4/24/2019

GRANDMOTHERS -! MOTHERS !- GRAND - SLAMS


WHEN I told my friends I was writing a book on Older Women like us, they immediately protested : ''I am not old. ''

What they meant was that they didn't act or feel like the cultural stereotypes of their age. Old meant bossy, useless, unhappy and in the way.

Our country's ideas about old women are so toxic, that almost no one, no matter her age, will admit she is old.

In America, ageism is a bigger problem for women than ageing. Our bodies and our sexuality are devalued, we are denigrated by mother-in-law jokes, and we're rendered invisible in the media. Yet, most of the women I know describe themselves as being in a vibrant and happy band happy life stage.

We are resilient and and know how-to-thrive in the margins. Our happiness comes from self-knowledge, emotional intelligence and empathy for others.

Most of us don't miss the maze gaze. It came with catcalls, harassment and unwanted attention. Instead, we feel  free from the tyranny of worrying, about our looks.

For the first time since we were 10, we can feel relaxed, about our appearance.

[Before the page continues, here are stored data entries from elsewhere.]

(* Let $I$ be an interpreted system of the propositional-action form described in the context, with proposition set $\Phi$, and let $\tilde\Phi\subseteq\Phi$. Let $\tilde I$ be the abstract interpreted system obtained from $I$ by hiding the propositions in $\Phi\setminus\tilde\Phi$, as described in the context. Then $\tilde I$ simulates $I$; specifically, the map $h:S\to\tilde S$, $h(s)=(h_i(l_i(s)))_{i\in\Omega}$, is a simulation relation between $I$ and $\tilde I$.
   Context: Interpreted systems, reachability, $\sim_i$ ($l_i(s)=l_i(s')$ and both states reachable) and simulation relations: an interpreted system is $\langle (L_i)_{i\in\Omega},(P_i),(ACT_i),S_0,\tau,\gamma\rangle$ with global states $S=\prod_i L_i$, joint actions, initial states $S_0$, interpretation $\gamma$, protocols and partial transition function $\tau$. A relation $H\subseteq S\times\tilde S$ is a simulation between $I$ and $\tilde I$ (same agents, $\tilde\Phi\subseteq\Phi$) if (1) every initial state of $I$ is related to some initial state of $\tilde I$, and for all $(s,\tilde s)\in H$: (2) $\gamma(s,p)=\tilde\gamma(\tilde s,p)$ for $p\in\tilde\Phi$; (3) whenever $\tau(\alpha,s)=s'$ there are $\tilde\alpha,\tilde s'$ with $\tilde\tau(\tilde\alpha,\tilde s)=\tilde s'$ and $(s',\tilde s')\in H$; (4) whenever $s\sim_i s'$ there is $\tilde s'$ with $\tilde s\sim_i\tilde s'$ and $(s',\tilde s')\in H$. Propositional-action form (this is the form of the interpreted systems the paper derives from access-control policies): $\Phi$ is a finite set of propositions partitioned into pairwise disjoint sets $\Phi_i$, $i\in\Omega$ (with $\Phi_e$ the environment's); each local state $l\in L_i$ is a valuation of $\Phi_i$, with local interpretation $\gamma_i(l,p)$, and $\gamma(s,p)=\gamma_i(l_i(s),p)$ for $p\in\Phi_i$. Each agent $i$ has a finite set of actions, each action $\alpha:\varepsilon\leftarrow\ell$ consisting of an identifier, a Boolean formula $\ell$ over $\Phi$ (the permission), and an effect $\varepsilon$, a set of signed propositions $+p$ / $-p$ (no proposition with both signs), plus the no-op $\Lambda$; $\mathbf{Ag}(\alpha)$ is the agent performing $\alpha$. Protocols allow all actions in every local state. The system is asynchronous: joint actions have at most one non-$\Lambda$ component, and are identified with that component. Writing $s[p\mapsto m]$ for the state equal to $s$ except that $p$ has value $m$, the symbolic transition is $\Theta_\alpha(st)=\{s[p\mapsto\top\mid +p\in\varepsilon][p\mapsto\bot\mid -p\in\varepsilon]\mid s\in st,\ (I,s)\models\ell\}$ and $\tau(\alpha,s)=s'$ iff $\Theta_\alpha(\{s\})=\{s'\}$. Abstraction: let $\tilde\Phi_i=\Phi_i\cap\tilde\Phi$. For $l_1,l_2\in L_i$, $l_1\Re_i l_2$ iff $\gamma_i(l_1,p)=\gamma_i(l_2,p)$ for all $p\in\tilde\Phi_i$; $h_i:L_i\to L_i/\Re_i$ is the quotient map. For a Boolean formula $f$ and proposition $x$, $\exists x.f:=f[\bot/x]\vee f[\top/x]$, extended to sets of propositions by iteration. Actions $\alpha':\varepsilon'\leftarrow\ell'$ and $\alpha:\varepsilon\leftarrow\ell$ are equivalent, $\alpha'\in[\alpha]$, iff $\{\pm p\in\varepsilon'\mid p\in\tilde\Phi\}=\{\pm p\in\varepsilon\mid p\in\tilde\Phi\}$, $\exists(\Phi\setminus\tilde\Phi).\ell'$ is logically equivalent to $\exists(\Phi\setminus\tilde\Phi).\ell$, and $\mathbf{Ag}(\alpha')=\mathbf{Ag}(\alpha)$. The abstract system $\tilde I$ has the same agents; $\tilde L_i=L_i/\Re_i$, $\tilde S=\prod_i\tilde L_i$; $\widetilde{ACT}_i=\{[\alpha]\mid \mathbf{Ag}(\alpha)=i\}$ (plus no-op), asynchronous, where $[\alpha]$ has evolution rule $\tilde\varepsilon\leftarrow\tilde\ell$ with $\tilde\varepsilon=\{\pm p\in\varepsilon\mid p\in\tilde\Phi\}$ and $\tilde\ell=\exists(\Phi\setminus\tilde\Phi).\ell$; $\tilde S_0=\{(h_i(l_i(s)))_{i\in\Omega}\mid s\in S_0\}$; $\tilde\gamma_i(h_i(l),p)=\gamma_i(l,p)$ for $p\in\tilde\Phi_i$ (propositions of $\tilde I$ are $\tilde\Phi$); protocols allow all actions; $\tilde\tau([\alpha],\tilde s)=\tilde s'$ iff $\tilde\Theta_{[\alpha]}(\{\tilde s\})=\{\tilde s'\}$, where $\tilde\Theta$ is defined like $\Theta$ using $\tilde\varepsilon,\tilde\ell$. *)

theory Defs
  imports Main
begin

datatype 'p form = Var 'p | TT | FF | Neg "'p form" | Conj "'p form" "'p form" | Disj "'p form" "'p form"

primrec eval :: "('p \<Rightarrow> bool) \<Rightarrow> 'p form \<Rightarrow> bool" where
  "eval v (Var p) = v p"
| "eval v TT = True"
| "eval v FF = False"
| "eval v (Neg f) = (\<not> eval v f)"
| "eval v (Conj f g) = (eval v f \<and> eval v g)"
| "eval v (Disj f g) = (eval v f \<or> eval v g)"

primrec vars :: "'p form \<Rightarrow> 'p set" where
  "vars (Var p) = {p}"
| "vars TT = {}"
| "vars FF = {}"
| "vars (Neg f) = vars f"
| "vars (Conj f g) = vars f \<union> vars g"
| "vars (Disj f g) = vars f \<union> vars g"

primrec subst :: "'p \<Rightarrow> 'p form \<Rightarrow> 'p form \<Rightarrow> 'p form" where
  "subst x c (Var p) = (if p = x then c else Var p)"
| "subst x c TT = TT"
| "subst x c FF = FF"
| "subst x c (Neg f) = Neg (subst x c f)"
| "subst x c (Conj f g) = Conj (subst x c f) (subst x c g)"
| "subst x c (Disj f g) = Disj (subst x c f) (subst x c g)"

text \<open>\<exists>x. f := f[\<bottom>/x] \<or> f[\<top>/x]\<close>
definition ex1 :: "'p \<Rightarrow> 'p form \<Rightarrow> 'p form" where
  "ex1 x f = Disj (subst x FF f) (subst x TT f)"

primrec exs :: "'p list \<Rightarrow> 'p form \<Rightarrow> 'p form" where
  "exs [] f = f"
| "exs (x # xs) f = ex1 x (exs xs f)"

definition exset :: "'p set \<Rightarrow> 'p form \<Rightarrow> 'p form" where
  "exset X f = exs (SOME xs. set xs = X \<and> distinct xs) f"

text \<open>Protocols are omitted: in all systems
  considered here they allow every action in every local state.\<close>
record ('s, 'a, 'ag, 'l, 'p) isys =
  gst  :: "'s set"
  ini  :: "'s set"
  trans :: "'a \<Rightarrow> 's \<Rightarrow> 's option"
  lst  :: "'ag \<Rightarrow> 's \<Rightarrow> 'l"
  valu :: "'s \<Rightarrow> 'p \<Rightarrow> bool"

inductive reach :: "('s, 'a, 'ag, 'l, 'p) isys \<Rightarrow> 's \<Rightarrow> bool" for I where
  init: "s \<in> ini I \<Longrightarrow> reach I s"
| step: "reach I s \<Longrightarrow> trans I a s = Some t \<Longrightarrow> reach I t"

definition indist :: "('s, 'a, 'ag, 'l, 'p) isys \<Rightarrow> 'ag \<Rightarrow> 's \<Rightarrow> 's \<Rightarrow> bool" where
  "indist I i s t \<longleftrightarrow> lst I i s = lst I i t \<and> reach I s \<and> reach I t"

definition simulation ::
  "('s, 'a, 'ag, 'l, 'p) isys \<Rightarrow> ('t, 'b, 'ag, 'm, 'p) isys \<Rightarrow> 'p set \<Rightarrow> ('s \<times> 't) set \<Rightarrow> bool" where
  "simulation I J Phi' H \<longleftrightarrow>
     H \<subseteq> gst I \<times> gst J \<and>
     (\<forall>s \<in> ini I. \<exists>t \<in> ini J. (s, t) \<in> H) \<and>
     (\<forall>(s, t) \<in> H.
        (\<forall>p \<in> Phi'. valu I s p = valu J t p) \<and>
        (\<forall>a s'. trans I a s = Some s' \<longrightarrow> (\<exists>b t'. trans J b t = Some t' \<and> (s', t') \<in> H)) \<and>
        (\<forall>i s'. indist I i s s' \<longrightarrow> (\<exists>t'. indist J i t t' \<and> (s', t') \<in> H)))"

text \<open>Propositions Phi are partitioned by the owner map own: Phi_i = {p \<in> Phi. own p = i}.
  A global state is a tuple of local states s :: 'ag \<Rightarrow> ('p \<Rightarrow> bool), where the local state
  s i is a valuation of Phi_i (represented canonically as False outside Phi_i).
  L_i consists of all valuations of Phi_i, so S is the set of canonical tuples.\<close>
definition canon :: "'p set \<Rightarrow> ('p \<Rightarrow> 'ag) \<Rightarrow> ('ag \<Rightarrow> 'p \<Rightarrow> bool) set" where
  "canon Phi own = {s. \<forall>i p. s i p \<longrightarrow> p \<in> Phi \<and> own p = i}"

definition gam :: "('p \<Rightarrow> 'ag) \<Rightarrow> ('ag \<Rightarrow> 'p \<Rightarrow> bool) \<Rightarrow> 'p \<Rightarrow> bool" where
  "gam own s p = s (own p) p"

text \<open>Effects are sets of signed propositions: (p, True) = +p, (p, False) = -p.
  s[p \<mapsto> \<top> | +p \<in> E][p \<mapsto> \<bottom> | -p \<in> E]\<close>
definition apply_eff :: "'p set \<Rightarrow> ('p \<Rightarrow> 'ag) \<Rightarrow> ('p \<times> bool) set
    \<Rightarrow> ('ag \<Rightarrow> 'p \<Rightarrow> bool) \<Rightarrow> ('ag \<Rightarrow> 'p \<Rightarrow> bool)" where
  "apply_eff Phi own E s = (\<lambda>i p.
     if p \<in> Phi \<and> own p = i \<and> (p, True) \<in> E then True
     else if p \<in> Phi \<and> own p = i \<and> (p, False) \<in> E then False
     else s i p)"

definition Theta :: "'p set \<Rightarrow> ('p \<Rightarrow> 'ag) \<Rightarrow> ('p \<times> bool) set \<Rightarrow> 'p form
    \<Rightarrow> ('ag \<Rightarrow> 'p \<Rightarrow> bool) set \<Rightarrow> ('ag \<Rightarrow> 'p \<Rightarrow> bool) set" where
  "Theta Phi own E l st = {apply_eff Phi own E s | s. s \<in> st \<and> eval (gam own s) l}"

text \<open>Asynchronous joint actions: Some alpha (one agent performs alpha, all others \<Lambda>),
  or None (all agents perform the no-op \<Lambda>, with empty effect and permission \<top>).
  tau(alpha, s) = s' iff Theta_alpha({s}) = {s'}.\<close>
definition pa_trans :: "'p set \<Rightarrow> ('p \<Rightarrow> 'ag) \<Rightarrow> 'act set \<Rightarrow> ('act \<Rightarrow> ('p \<times> bool) set)
    \<Rightarrow> ('act \<Rightarrow> 'p form) \<Rightarrow> 'act option \<Rightarrow> ('ag \<Rightarrow> 'p \<Rightarrow> bool) \<Rightarrow> ('ag \<Rightarrow> 'p \<Rightarrow> bool) option" where
  "pa_trans Phi own Acts eff perm a s =
     (let (E, l) = (case a of None \<Rightarrow> ({}, TT) | Some \<alpha> \<Rightarrow> (eff \<alpha>, perm \<alpha>)) in
      if s \<in> canon Phi own \<and> (case a of None \<Rightarrow> True | Some \<alpha> \<Rightarrow> \<alpha> \<in> Acts)
         \<and> (\<exists>s'. Theta Phi own E l {s} = {s'})
      then Some (THE s'. Theta Phi own E l {s} = {s'}) else None)"

definition pa_sys :: "'p set \<Rightarrow> ('p \<Rightarrow> 'ag) \<Rightarrow> ('ag \<Rightarrow> 'p \<Rightarrow> bool) set \<Rightarrow> 'act set
    \<Rightarrow> ('act \<Rightarrow> ('p \<times> bool) set) \<Rightarrow> ('act \<Rightarrow> 'p form)
    \<Rightarrow> ('ag \<Rightarrow> 'p \<Rightarrow> bool, 'act option, 'ag, 'p \<Rightarrow> bool, 'p) isys" where
  "pa_sys Phi own S0 Acts eff perm =
     \<lparr> gst = canon Phi own, ini = S0, trans = pa_trans Phi own Acts eff perm,
       lst = (\<lambda>i s. s i), valu = gam own \<rparr>"

definition pa_wf :: "'p set \<Rightarrow> ('p \<Rightarrow> 'ag) \<Rightarrow> ('ag \<Rightarrow> 'p \<Rightarrow> bool) set \<Rightarrow> 'act set
    \<Rightarrow> ('act \<Rightarrow> ('p \<times> bool) set) \<Rightarrow> ('act \<Rightarrow> 'p form) \<Rightarrow> bool" where
  "pa_wf Phi own S0 Acts eff perm \<longleftrightarrow>
     finite Phi \<and> finite Acts \<and> S0 \<subseteq> canon Phi own \<and>
     (\<forall>\<alpha> \<in> Acts. fst ` eff \<alpha> \<subseteq> Phi \<and> vars (perm \<alpha>) \<subseteq> Phi \<and>
        (\<forall>p. \<not> ((p, True) \<in> eff \<alpha> \<and> (p, False) \<in> eff \<alpha>)))"

text \<open>The quotient L_i / R_i is represented by restrictions of local valuations to
  Phi'_i = Phi_i \<inter> Phi' (two local states are R_i-related iff their restrictions coincide);
  h_i is restriction, h(s) = (h_i(l_i(s)))_i.\<close>
definition habs :: "'p set \<Rightarrow> ('ag \<Rightarrow> 'p \<Rightarrow> bool) \<Rightarrow> ('ag \<Rightarrow> 'p \<Rightarrow> bool)" where
  "habs Phi' s = (\<lambda>i p. if p \<in> Phi' then s i p else False)"

definition vis_eff :: "'p set \<Rightarrow> ('p \<times> bool) set \<Rightarrow> ('p \<times> bool) set" where
  "vis_eff Phi' E = {(p, b) \<in> E. p \<in> Phi'}"
(* Let $T$ be a pruned group tree and $X$ a Polish $G_T$-space. Then there is a Borel injective map $f:X\to\mathbb{R}^T$ that is equivariant: $g\cdot f(x)=f(g\cdot x)$ for all $g\in G_T$ and $x\in X$.
   Context: Fix countable groups $(\Delta_i)_{i\in\omega}$ and let $\Delta^n=\prod_{i<n}\Delta_i$ ($\Delta^0$ trivial). A group tree is a set $T\subseteq\bigcup_n\Delta^n$ closed under initial segments such that each $T^n:=T\cap\Delta^n$ is a subgroup of $\Delta^n$; it is pruned if every element of $T$ has a proper extension in $T$. $\ell(a)$ is the length of $a\in T$, and products/inverses of tuples of equal length $n$ are taken in $T^n$. $G_T$ is the closed subgroup of $\prod_i\Delta_i$ (product of discrete groups) consisting of those $g$ with $g\upharpoonright n\in T$ for all $n$. $\mathbb{R}^T$ carries the product topology ($T$ countable), and $G_T$ acts on it by $(g\cdot\mathbf{x})(b)=\mathbf{x}((g\upharpoonright\ell(b))^{-1}\cdot b)$. A Polish $G_T$-space is a Polish space with a continuous $G_T$-action. *)

theory Defs
  imports "HOL-Analysis.Analysis" "HOL-Algebra.Group"
begin
lemma busemann_dist_geodesic_le_max:
  assumes "busemann_convex TYPE('a::metric_space)" "geodesic_seg c l x1 x2" "s \<in> {0..l}"
  shows "dist (c s) (y::'a) \<le> max (dist x1 y) (dist x2 y)"
  using busemann_geodesic_dist_le_max[OF assms(1,2) geodesic_seg_const[of y] assms(3)] by auto

lemma gconvexI:
  "(\<And>x y c l s. x \<in> S \<Longrightarrow> y \<in> S \<Longrightarrow> geodesic_seg c l x y \<Longrightarrow> s \<in> {0..l} \<Longrightarrow> c s \<in> S) \<Longrightarrow> gconvex S"
  unfolding gconvex_def by blast

lemma gconvexD:
  "gconvex S \<Longrightarrow> x \<in> S \<Longrightarrow> y \<in> S \<Longrightarrow> geodesic_seg c l x y \<Longrightarrow> s \<in> {0..l} \<Longrightarrow> c s \<in> S"
  unfolding gconvex_def by blast

lemma gconvex_Int: "gconvex S \<Longrightarrow> gconvex U \<Longrightarrow> gconvex (S \<inter> U)"
  unfolding gconvex_def by blast

lemma gconvex_Inter: "(\<And>S. S \<in> F \<Longrightarrow> gconvex S) \<Longrightarrow> gconvex (\<Inter>F)"
  unfolding gconvex_def by blast

lemma gconvex_cball:
  assumes "busemann_convex TYPE('a::metric_space)"
  shows "gconvex (cball (z::'a) r)"
proof (rule gconvexI)
  fix x y c l s
  assume "x \<in> cball z r" "y \<in> cball z r" "geodesic_seg c l x y" "s \<in> {0..l}"
  then show "c s \<in> cball z r"
    using busemann_dist_geodesic_le_max[OF assms, of c l x y s z] by (auto simp: dist_commute)
qed

lemma busemann_midpoint_unique:
  assumes bc: "busemann_convex TYPE('a::metric_space)" and gs: "geodesic_space TYPE('a)"
    and "dist z p = h" "dist p w = h" "dist z q = h" "dist q w = h" "dist z w = 2 * h"
  shows "p = (q::'a)"
proof -
  obtain \<alpha>1 \<beta>1 \<alpha>2 \<beta>2 where g: "geodesic_seg \<alpha>1 h z p" "geodesic_seg \<beta>1 h p w"
    "geodesic_seg \<alpha>2 h z q" "geodesic_seg \<beta>2 h q w"
    using geodesic_seg_exists[OF gs] assms(3-6) by metis
  have d: "dist z w = h + h" using assms by simp
  have "dist ((\<lambda>t. if t \<le> h then \<alpha>1 t else \<beta>1 (t - h)) ((h + h) / 2))
      ((\<lambda>t. if t \<le> h then \<alpha>2 t else \<beta>2 (t - h)) ((h + h) / 2)) \<le> dist w w / 2"
    by (rule busemann_midpoints_dist_le[OF bc geodesic_seg_concat[OF g(1,2) d]
          geodesic_seg_concat[OF g(3,4) d]])
  then show ?thesis using geodesic_seg_end[OF g(1)] geodesic_seg_end[OF g(3)] by simp
qed

text \<open>If a geodesic lies on the sphere of radius \<open>r\<close> about \<open>z\<close>, the midpoints of \<open>[x, z]\<close> and
  \<open>[y, z]\<close> coincide (both are midpoints of \<open>z\<close> and the midpoint of the geodesic), and the geodesic lies
  on the sphere of radius \<open>r/2\<close> about this common point.\<close>

lemma geodesic_on_sphere_halve:
  assumes bc: "busemann_convex TYPE('a::metric_space)" and gs: "geodesic_space TYPE('a)"
    and g: "geodesic_seg c L x y" and on_sphere: "\<forall>t\<in>{0..L}. dist (c t) (z::'a) = r"
  shows "\<exists>p. \<forall>t\<in>{0..L}. dist (c t) p = r / 2"
proof -
  have L: "0 \<le> L" using geodesic_seg_nonneg[OF g] .
  have xz: "dist x z = r" and yz: "dist y z = r"
    using on_sphere geodesic_seg_start[OF g] geodesic_seg_end[OF g] L by auto
  obtain \<gamma>x \<gamma>y where \<gamma>x: "geodesic_seg \<gamma>x r x z" and \<gamma>y: "geodesic_seg \<gamma>y r y z"
    using geodesic_seg_exists[OF gs] xz yz by metis
  define p q m where "p = \<gamma>x (r / 2)" and "q = \<gamma>y (r / 2)" and "m = c (L / 2)"
  have half: "r / 2 \<in> {0..r}" using xz by auto
  have zp: "dist z p = r / 2" and xp: "dist x p = r / 2"
    using geodesic_seg_dist_end[OF \<gamma>x half] geodesic_seg_dist_start[OF \<gamma>x half]
    by (auto simp: p_def dist_commute)
  have zq: "dist z q = r / 2" and yq: "dist y q = r / 2"
    using geodesic_seg_dist_end[OF \<gamma>y half] geodesic_seg_dist_start[OF \<gamma>y half]
    by (auto simp: q_def dist_commute)
  have zm: "dist z m = r" using on_sphere L by (simp add: m_def dist_commute)
  have "dist p m \<le> r / 2"
    using busemann_midpoints_dist_le[OF bc \<gamma>x g] yz by (simp add: p_def m_def dist_commute)
  then have pm: "dist p m = r / 2" using zm zp dist_triangle[of z m p] by linarith
  have "dist q m \<le> r / 2"
    using busemann_midpoints_dist_le[OF bc \<gamma>y geodesic_seg_reverse[OF g]] xz
    by (simp add: q_def m_def dist_commute)
  then have qm: "dist q m = r / 2" using zm zq dist_triangle[of z m q] by linarith
  have "p = q" by (rule busemann_midpoint_unique[OF bc gs zp pm zq qm]) (use zm in simp)
  show ?thesis
  proof (intro exI ballI antisym)
    fix t assume t: "t \<in> {0..L}"
    show "dist (c t) p \<le> r / 2"
      using busemann_dist_geodesic_le_max[OF bc g t, of p] xp yq \<open>p = q\<close> by simp
    show "r / 2 \<le> dist (c t) p"
      using on_sphere t zp dist_triangle[of "c t" z p] by (simp add: dist_commute)
  qed
qed

lemma geodesic_on_sphere_trivial:
  assumes bc: "busemann_convex TYPE('a::metric_space)" and gs: "geodesic_space TYPE('a)"
    and g: "geodesic_seg c L x y" and on_sphere: "\<forall>t\<in>{0..L}. dist (c t) (z::'a) = r"
  shows "x = y"
proof -
  have shrink: "\<exists>p. \<forall>t\<in>{0..L}. dist (c t) p = r / 2 ^ n" for n
  proof (induction n)
    case 0
    then show ?case using on_sphere by auto
  next
    case (Suc n)
    then obtain p where "\<forall>t\<in>{0..L}. dist (c t) p = r / 2 ^ n" by blast
    from geodesic_on_sphere_halve[OF bc gs g this] show ?case by (simp add: field_simps)
  qed
  have L: "0 \<le> L" using geodesic_seg_nonneg[OF g] .
  have "dist x y \<le> 2 * r / 2 ^ n" for n
  proof -
    obtain p where p: "\<forall>t\<in>{0..L}. dist (c t) p = r / 2 ^ n" using shrink by blast
    have "dist x y \<le> dist x p + dist y p" by (rule dist_triangle2)
    also have "\<dots> = 2 * r / 2 ^ n"
      using p geodesic_seg_start[OF g] geodesic_seg_end[OF g] L by auto
    finally show ?thesis .
  qed
  then have "dist x y \<le> 0"
    by (intro LIMSEQ_le_const[OF LIMSEQ_divide_realpow_zero[of 2 "2 * r"]]) auto
  then show ?thesis by simp
qed

lemma gconvex_on_sphere_trivial:
  assumes "busemann_convex TYPE('a::metric_space)" "geodesic_space TYPE('a)"
    and "gconvex S" "\<forall>s\<in>S. dist s (z::'a) = r" "x \<in> S" "x' \<in> S"
  shows "x = x'"
proof -
  obtain c where c: "geodesic_seg c (dist x x') x x'" using geodesic_seg_exists[OF assms(2)] by blast
  have "\<forall>t\<in>{0..dist x x'}. dist (c t) z = r" using assms(3-6) gconvexD[OF assms(3) _ _ c] by blast
  then show ?thesis by (rule geodesic_on_sphere_trivial[OF assms(1,2) c])
qed
lemma bilin_radd: "bilin br \<Longrightarrow> br x (y + y') = br x y + br x y'"
  by (simp add: bilin_def lin_add[of "br x"])

lemma bilin_ldiff: "bilin br \<Longrightarrow> br (x - x') y = br x y - br x' y"
  by (simp add: bilin_def lin_diff[of "\<lambda>x. br x y"])

lemma bilin_rdiff: "bilin br \<Longrightarrow> br x (y - y') = br x y - br x y'"
  by (simp add: bilin_def lin_diff[of "br x"])

lemma bilin_lminus: "bilin br \<Longrightarrow> br (- x) y = - br x y"
  by (simp add: bilin_def lin_minus[of "\<lambda>x. br x y"])

lemma bilin_rminus: "bilin br \<Longrightarrow> br x (- y) = - br x y"
  by (simp add: bilin_def lin_minus[of "br x"])

lemma bilin_lzero: "bilin br \<Longrightarrow> br 0 y = 0"
  by (simp add: bilin_def lin_zero[of "\<lambda>x. br x y"])

lemma bilin_rzero: "bilin br \<Longrightarrow> br x 0 = 0"
  by (simp add: bilin_def lin_zero[of "br x"])

lemma bilin_lsmul: "bilin br \<Longrightarrow> br (smul c x) y = smul c (br x y)"
  by (simp add: bilin_def lin_smul[of "\<lambda>x. br x y"])

lemma bilin_rsmul: "bilin br \<Longrightarrow> br x (smul c y) = smul c (br x y)"
  by (simp add: bilin_def lin_smul[of "br x"])

lemmas bilin_simps = bilin_ladd bilin_radd bilin_ldiff bilin_rdiff bilin_lminus bilin_rminus
  bilin_lzero bilin_rzero
lemmas lin_simps = lin_add lin_diff lin_minus lin_zero

definition jacobiator :: "(('a \<Rightarrow> 'k::field) \<Rightarrow> ('a \<Rightarrow> 'k) \<Rightarrow> ('a \<Rightarrow> 'k))
    \<Rightarrow> (('a \<Rightarrow> 'k) \<Rightarrow> ('a \<Rightarrow> 'k)) \<Rightarrow> ('a \<Rightarrow> 'k) \<Rightarrow> ('a \<Rightarrow> 'k) \<Rightarrow> ('a \<Rightarrow> 'k) \<Rightarrow> ('a \<Rightarrow> 'k)" where
  "jacobiator br \<phi> x y z = br (\<phi> x) (br y z) + br (\<phi> y) (br z x) + br (\<phi> z) (br x y)"

lemma hom_lie_iff: "hom_lie br \<phi> \<longleftrightarrow> bilin br \<and> lin \<phi>
     \<and> (\<forall>x y. br x y = - br y x)
     \<and> (\<forall>x y. \<phi> (br x y) = br (\<phi> x) (\<phi> y))
     \<and> (\<forall>x y z. jacobiator br \<phi> x y z = 0)"
  by (simp add: hom_lie_def jacobiator_def vadd_eq_plus vneg_eq_uminus vzero_eq_zero)

lemma representation_iff:
  assumes "lin \<beta>" and "bilin \<rho>"
  shows "representation br \<phi> \<beta> \<rho> \<longleftrightarrow> (\<forall>x v. \<rho> (\<phi> x) (\<beta> v) = \<beta> (\<rho> x v))
     \<and> (\<forall>x y v. \<rho> (br x y) (\<beta> v) = \<rho> (\<phi> x) (\<rho> y v) - \<rho> (\<phi> y) (\<rho> x v))"
  using assms by (simp add: representation_def vsub_eq_minus)

lemma jacobiator_cyclic: "jacobiator br \<phi> x y z = jacobiator br \<phi> y z x"
  by (simp add: jacobiator_def algebra_simps)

We can wear Yoga tights instead of nylons and blue-jeans instead of business suits.

Yet, in this development stage, we are confronted by great challenges. We are unlikely to escape great sorrow for long.

We all suffer, but not all of us grow.

Those of us who grow do so by developing our moral imaginations and expanding our carrying capacities for pain and bliss. In fact, this pendulum between joy and despair is what makes old age  catalytic for spiritual and economic growth.

By our 70s, we've had decades to develop resilience. Many of us has learned that happiness is a skill and a choice. We don't need to look at our horoscopes to know how our day would will go.

We know how to create a good day.

We have learned to look everyday for humour, love and beauty. We've acquired an aptitude for appreciating life. Gratitude is not a virtue but a survival skill, and our capacity for it grows with our suffering.

This why it is the least privileged, not the most, who excel in appreciating the smallest of offerings. 

Many women flourish as we learn how to make everything workable. Yes, everything. As we walk out of a friend's  funeral, we can smell wood smoke in the air and taste snowflakes on our tongues.